Fifty-eight studies met eligibility criteria. Fourteen studies addressed KQ 1, 41 studies addressed KQ 2, and 3 studies addressed both KQs and are presented in the results section for each KQ. For KQ 1, 17 studies examined 18 algorithms that inform decisions about ED care (3 studies), predict mortality to inform resource allocation in a crisis setting (e.g. crisis standards of care) (4 studies), predict future healthcare needs (1 study), allocate organs for transplant (2 studies), assess risk of lung cancer (3 studies), predict opioid misuse (1 study), predict risk of prostate cancer (2 studies), and predict risk of stroke (1 study). Four of the 18 algorithms included race or ethnicity as an input variable. All studies addressing KQ 1 were non-RCTs and were rated as moderate or high ROB due to concerns such as confounding, deviations from intended interventions, and missing data. Equity-based signaling questions changed domain-specific ROB in one instance (from Low to Moderate for the domain of bias due to selection of participants in one study) but did not change overall ROB for any KQ 1 studies. Most study designs employed a modeling approach to determine outcomes using either real-world or synthetic datasets for inputting into the algorithm. The studies found that algorithms may reduce racial and ethnic disparities (5 studies), perpetuate or exacerbate disparities (11 studies; 3 of these included an examination of methods to mitigate these disparities and thus addressed both KQ 1 and 2), or have no effect on disparities (1 study). Three studies examining algorithms that included race and ethnicity as an input variable found that these algorithms actually or potentially reduced racial and ethnic disparities. It is important to note that, in one of the three algorithms (the revised Kidney Allocation System), race and ethnicity input variables were included specifically to address existing racial and ethnic disparities.

For KQ 2, 21 of the 44 included studies focused on kidney function and evaluated efforts to mitigate potential harms associated with using the race correction in the estimation of glomerular filtration rate (eGFR). Seven studies examined algorithms that predict cardiovascular risk, four studies addressed kidney or liver donation or transplant, and three studies assessed algorithms that guide dosing of the anticoagulant warfarin. The remaining studies addressed the need for intensive or high-risk care management, assessment of lung function, and risk of stroke, lung cancer, postpartum depression, or opioid misuse. One study was a randomized controlled trial, 17 studies used cohort or pre-post designs, and 26 studies used modeling approaches. ROB was rated as Low for 8 studies, Moderate for 31 studies, and High for 5. In six studies, ROB ratings for individual domains of bias changed because of the equity-based signaling questions we added, but the overall ROB rating was changed in only one of these studies. The most common domain to receive a rating change (mostly from Low to Moderate) was bias in selection of study participants due to inconsistent reporting of racial and ethnic groups and inconsistent definitions and categories for race and ethnicity.

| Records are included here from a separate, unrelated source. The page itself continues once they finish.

(* Let $q\ge 1$ and $t\ge 0$ be integers. A code $\mathcal{C}\subseteq\mathcal{S}_{\mathrm{all}}^q$ is a $t$-tail-deletion-detecting code if and only if it is a $t$-tail-insertion-detecting code. Moreover, for every integer $q\ge 3$ and every integer $t\ge 1$ there exists a code $\mathcal{C}\subseteq\mathcal{S}_{\mathrm{all}}^q$ that is a $t$-tail-deletion-detecting code but is not a $2$-tail-indel-detecting code.
   Context: Let $[q]=\{0,1,\dots,q-1\}$. For $1\le m\le q$, a partial permutation of length $m$ over $[q]$ is a sequence $\pi=(\pi_1,\dots,\pi_m)$ of $m$ pairwise distinct elements of $[q]$; write $|\pi|=m$. Let $\mathcal{S}_m^q$ be the set of all partial permutations of length $m$ and $\mathcal{S}_{\mathrm{all}}^q=\bigcup_{m=1}^{q}\mathcal{S}_m^q$. A code is any subset of $\mathcal{S}_{\mathrm{all}}^q$. Juxtaposition $\omega\pi$ denotes concatenation with $\omega$ on the left. Tail deletions: for $\pi$ of length $m$ and an integer $j\ge 0$, let $\pi_{\downarrow j}=(\pi_{k+1},\dots,\pi_m)$ with $k=\min(j,m-1)$ (leftmost symbols are deleted; the last symbol is never deleted). For an integer $t\ge 0$, $\mathcal{B}_{\mathrm{del}}^t(\pi)=\{\pi_{\downarrow j}:0\le j\le t\}$. Tail insertions: $\mathcal{B}_{\mathrm{ins}}^t(\pi)$ is the set of all $\omega\pi\in\mathcal{S}_{\mathrm{all}}^q$ where $\omega$ is a (possibly empty) sequence of at most $t$ elements of $[q]$ (so all entries of $\omega\pi$ are pairwise distinct). Tail indels: $\mathcal{B}_{\mathrm{indel}}^t(\pi)$ is the set of all partial permutations obtainable from $\pi$ by a sequence of at most $t$ operations, each being either a single tail deletion (removing the first symbol of a partial permutation of length at least $2$) or a single tail insertion (prepending an element of $[q]$ not already occurring). For $X\in\{\mathrm{del},\mathrm{ins},\mathrm{indel}\}$, a code $\mathcal{C}$ is $t$-tail-$X$-detecting (i.e. $t$-tail-deletion-, insertion-, indel-detecting) if $\mathcal{C}\cap\mathcal{B}_X^t(\pi)=\{\pi\}$ for every $\pi\in\mathcal{C}$. *)

theory Defs
  imports Main
begin

text \<open>Partial permutations over [q] = {0..<q} are represented as lists of naturals:
  nonempty, distinct, all entries below q (length \<le> q follows).
  The first list element is the leftmost symbol \<pi>_1.\<close>

definition ppall :: "nat \<Rightarrow> nat list set" where
  "ppall q = {xs. xs \<noteq> [] \<and> distinct xs \<and> set xs \<subseteq> {..<q}}"

definition tail_del :: "nat \<Rightarrow> nat list \<Rightarrow> nat list" where
  "tail_del j xs = drop (min j (length xs - 1)) xs"

definition ball_del :: "nat \<Rightarrow> nat list \<Rightarrow> nat list set" where
  "ball_del t xs = {tail_del j xs | j. j \<le> t}"

definition ball_ins :: "nat \<Rightarrow> nat \<Rightarrow> nat list \<Rightarrow> nat list set" where
  "ball_ins q t xs = {w @ xs | w. length w \<le> t \<and> set w \<subseteq> {..<q} \<and> w @ xs \<in> ppall q}"

definition indel_step :: "nat \<Rightarrow> nat list \<Rightarrow> nat list \<Rightarrow> bool" where
  "indel_step q xs ys \<longleftrightarrow>
     (length xs \<ge> 2 \<and> ys = tl xs) \<or> (\<exists>a. a < q \<and> a \<notin> set xs \<and> ys = a # xs)"

definition ball_indel :: "nat \<Rightarrow> nat \<Rightarrow> nat list \<Rightarrow> nat list set" where
  "ball_indel q t xs = {ys. \<exists>k\<le>t. (indel_step q ^^ k) xs ys}"

definition del_detecting :: "nat \<Rightarrow> nat list set \<Rightarrow> bool" where
  "del_detecting t C \<longleftrightarrow> (\<forall>p\<in>C. C \<inter> ball_del t p = {p})"

definition ins_detecting :: "nat \<Rightarrow> nat \<Rightarrow> nat list set \<Rightarrow> bool" where
  "ins_detecting q t C \<longleftrightarrow> (\<forall>p\<in>C. C \<inter> ball_ins q t p = {p})"

definition indel_detecting :: "nat \<Rightarrow> nat \<Rightarrow> nat list set \<Rightarrow> bool" where
  "indel_detecting q t C \<longleftrightarrow> (\<forall>p\<in>C. C \<inter> ball_indel q t p = {p})"

end

theory Submission
  imports Defs
begin

text \<open>Both kinds of detection say the same thing: no codeword arises from another one by
  prepending between 1 and t symbols. A deletion ball looks at this relation from the longer
  word, an insertion ball from the shorter one. Indels are stronger, since deleting the first
  symbol and then prepending a new one replaces the first symbol, which never changes the
  length; so the code {[0,1],[2,1]} of equal-length words is deletion-detecting for every t
  but not 2-indel-detecting.\<close>

definition tail_extension :: "nat \<Rightarrow> nat list \<Rightarrow> nat list \<Rightarrow> bool" where
  "tail_extension t xs ys \<longleftrightarrow> (\<exists>w. w \<noteq> [] \<and> length w \<le> t \<and> ys = w @ xs)"

lemma tail_del_eq_append:
  assumes "xs \<noteq> []"
  shows "tail_del (length w) (w @ xs) = xs"
  using assms by (cases xs) (auto simp: tail_del_def min_def)

lemma tail_del_split:
  obtains w where "length w \<le> j" "xs = w @ tail_del j xs"
  using that[of "take (min j (length xs - 1)) xs"] by (simp add: tail_del_def)

lemma del_detecting_iff_no_tail_extension:
  assumes "[] \<notin> C"
  shows "del_detecting t C \<longleftrightarrow> (\<forall>xs\<in>C. \<forall>ys\<in>C. \<not> tail_extension t xs ys)"
proof
  assume det: "del_detecting t C"
  show "\<forall>xs\<in>C. \<forall>ys\<in>C. \<not> tail_extension t xs ys"
  proof (intro ballI notI)
    fix xs ys assume xs: "xs \<in> C" and ys: "ys \<in> C" and "tail_extension t xs ys"
    then obtain w where w: "w \<noteq> []" "length w \<le> t" "ys = w @ xs"
      by (auto simp: tail_extension_def)
    have "tail_del (length w) ys = xs"
      using w(3) tail_del_eq_append[of xs w] xs assms by auto
    then have "xs \<in> C \<inter> ball_del t ys"
      using xs w(2) unfolding ball_del_def by force
    then have "xs = ys" using det ys by (auto simp: del_detecting_def)
    with w show False by simp
  qed
next
  assume no_ext: "\<forall>xs\<in>C. \<forall>ys\<in>C. \<not> tail_extension t xs ys"
  show "del_detecting t C" unfolding del_detecting_def
  proof (intro ballI equalityI subsetI)
    fix ys zs assume ys: "ys \<in> C" and zs: "zs \<in> C \<inter> ball_del t ys"
    then obtain j where j: "j \<le> t" "zs = tail_del j ys" by (auto simp: ball_del_def)
    obtain w where "length w \<le> j" "ys = w @ zs"
      using tail_del_split[of j ys] j(2) by metis
    with j(1) have "length w \<le> t" by simp
    with \<open>ys = w @ zs\<close> no_ext ys zs have "w = []"
      unfolding tail_extension_def by blast
    with \<open>ys = w @ zs\<close> show "zs \<in> {ys}" by simp
  next
    fix ys zs assume "ys \<in> C" "zs \<in> {ys}"
    moreover have "tail_del 0 ys = ys" by (simp add: tail_del_def)
    ultimately show "zs \<in> C \<inter> ball_del t ys" by (force simp: ball_del_def)
  qed
qed

lemma ins_detecting_iff_no_tail_extension:
  assumes "C \<subseteq> ppall q"
  shows "ins_detecting q t C \<longleftrightarrow> (\<forall>xs\<in>C. \<forall>ys\<in>C. \<not> tail_extension t xs ys)"
proof
  assume det: "ins_detecting q t C"
  show "\<forall>xs\<in>C. \<forall>ys\<in>C. \<not> tail_extension t xs ys"
  proof (intro ballI notI)
    fix xs ys assume xs: "xs \<in> C" and ys: "ys \<in> C" and "tail_extension t xs ys"
    then obtain w where w: "w \<noteq> []" "length w \<le> t" "ys = w @ xs"
      by (auto simp: tail_extension_def)
    have "ys \<in> ppall q" using ys assms by auto
    with w have "ys \<in> C \<inter> ball_ins q t xs"
      using ys by (auto simp: ball_ins_def ppall_def)
    then have "ys = xs" using det xs by (auto simp: ins_detecting_def)
    with w show False by simp
  qed
next
  assume no_ext: "\<forall>xs\<in>C. \<forall>ys\<in>C. \<not> tail_extension t xs ys"
  show "ins_detecting q t C" unfolding ins_detecting_def
  proof (intro ballI equalityI subsetI)
    fix xs ys assume xs: "xs \<in> C" and ys: "ys \<in> C \<inter> ball_ins q t xs"
    then obtain w where w: "length w \<le> t" "ys = w @ xs" by (auto simp: ball_ins_def)
    with no_ext xs ys have "w = []" by (auto simp: tail_extension_def)
    with w show "ys \<in> {xs}" by simp
  next
    fix xs ys assume "xs \<in> C" "ys \<in> {xs}"
    moreover have "[] @ xs \<in> ball_ins q t xs" if "xs \<in> ppall q"
      using that unfolding ball_ins_def by force
    ultimately show "ys \<in> C \<inter> ball_ins q t xs" using assms by auto
  qed
qed

lemma del_detecting_iff_ins_detecting:
  assumes "C \<subseteq> ppall q"
  shows "del_detecting t C \<longleftrightarrow> ins_detecting q t C"
proof -
  have "[] \<notin> C" using assms by (auto simp: ppall_def)
  then show ?thesis
    using del_detecting_iff_no_tail_extension ins_detecting_iff_no_tail_extension[OF assms]
    by simp
qed

lemma del_detecting_if_equal_lengths:
  assumes "\<And>xs. xs \<in> C \<Longrightarrow> length xs = n" and "[] \<notin> C"
  shows "del_detecting t C"
  unfolding del_detecting_iff_no_tail_extension[OF assms(2)]
proof (intro ballI notI)
  fix xs ys assume "xs \<in> C" "ys \<in> C" "tail_extension t xs ys"
  then obtain w where "w \<noteq> []" "ys = w @ xs"
    by (auto simp: tail_extension_def)
  then have "length ys > length xs" by simp
  with assms(1) \<open>xs \<in> C\<close> \<open>ys \<in> C\<close> show False by simp
qed

lemma replace_head_in_ball_indel:
  assumes "xs \<noteq> []" "c < q" "c \<notin> set xs"
  shows "c # xs \<in> ball_indel q 2 (a # xs)"
proof -
  have "indel_step q (a # xs) xs" "indel_step q xs (c # xs)"
    using assms by (auto simp: indel_step_def Suc_le_eq)
  then have "(indel_step q ^^ 2) (a # xs) (c # xs)"
    by (auto simp: numeral_2_eq_2 relcompp.simps)
  then show ?thesis by (auto simp: ball_indel_def)
qed

lemma not_indel_detecting_if_heads_differ:
  assumes "a # xs \<in> C" "c # xs \<in> C" "a \<noteq> c" "xs \<noteq> []" "c < q" "c \<notin> set xs"
  shows "\<not> indel_detecting q 2 C"
proof
  assume "indel_detecting q 2 C"
  then have "C \<inter> ball_indel q 2 (a # xs) = {a # xs}"
    using assms(1) unfolding indel_detecting_def by (rule bspec)
  moreover have "c # xs \<in> C \<inter> ball_indel q 2 (a # xs)"
    using assms(2,4-6) replace_head_in_ball_indel[of xs c q a] by simp
  ultimately show False using assms(3) by simp
qed

theorem mainTheorem1:
  shows "(\<forall>q t C. q \<ge> 1 \<longrightarrow> C \<subseteq> ppall q \<longrightarrow>
            (del_detecting t C \<longleftrightarrow> ins_detecting q t C))
       \<and> (\<forall>q t. q \<ge> 3 \<longrightarrow> t \<ge> 1 \<longrightarrow>
            (\<exists>C. C \<subseteq> ppall q \<and> del_detecting t C \<and> \<not> indel_detecting q 2 C))"
proof (intro conjI allI impI)
  fix q t and C :: "nat list set"
  assume "C \<subseteq> ppall q"
  then show "del_detecting t C \<longleftrightarrow> ins_detecting q t C"
    by (rule del_detecting_iff_ins_detecting)
next
  fix q t :: nat assume "q \<ge> 3"
  let ?C = "{[0, 1], [2, 1]}"
  have "?C \<subseteq> ppall q" using \<open>q \<ge> 3\<close> by (auto simp: ppall_def)
  moreover have "del_detecting t ?C"
    by (rule del_detecting_if_equal_lengths[where n = 2]) (auto simp: eval_nat_numeral)
  moreover have "\<not> indel_detecting q 2 ?C"
    by (rule not_indel_detecting_if_heads_differ[where a = 0 and c = 2 and xs = "[1]"])
      (use \<open>q \<ge> 3\<close> in simp_all)
  ultimately show "\<exists>C. C \<subseteq> ppall q \<and> del_detecting t C \<and> \<not> indel_detecting q 2 C"
    by (intro exI[of _ ?C]) simp
qed

end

We identified six broad categories that describe the mitigation strategies used to address potential harms resulting from algorithms: removing an input variable (usually race and ethnicity) was used in 24 studies; replacing a variable with one or more different variables (5 studies); adding one or more input variables (9 studies); diversifying the racial and ethnic composition of the patient population used to train or validate an algorithm (4 studies); creating separate algorithms or thresholds for different populations (2 studies); and modifying the statistical or analytic techniques used for algorithm development (3 studies). Some studies compared more than one mitigation strategy. Evidence suggests that removing a race coefficient from eGFR may result in significantly more diagnoses of chronic and severe kidney disease among Black patients, which can then lead to increased eligibility for kidney transplant; however, this may also result in underuse or underdosing of other treatments. Further research is needed to better understand these implications across the wide range of outcomes and medical decisions that eGFR influences.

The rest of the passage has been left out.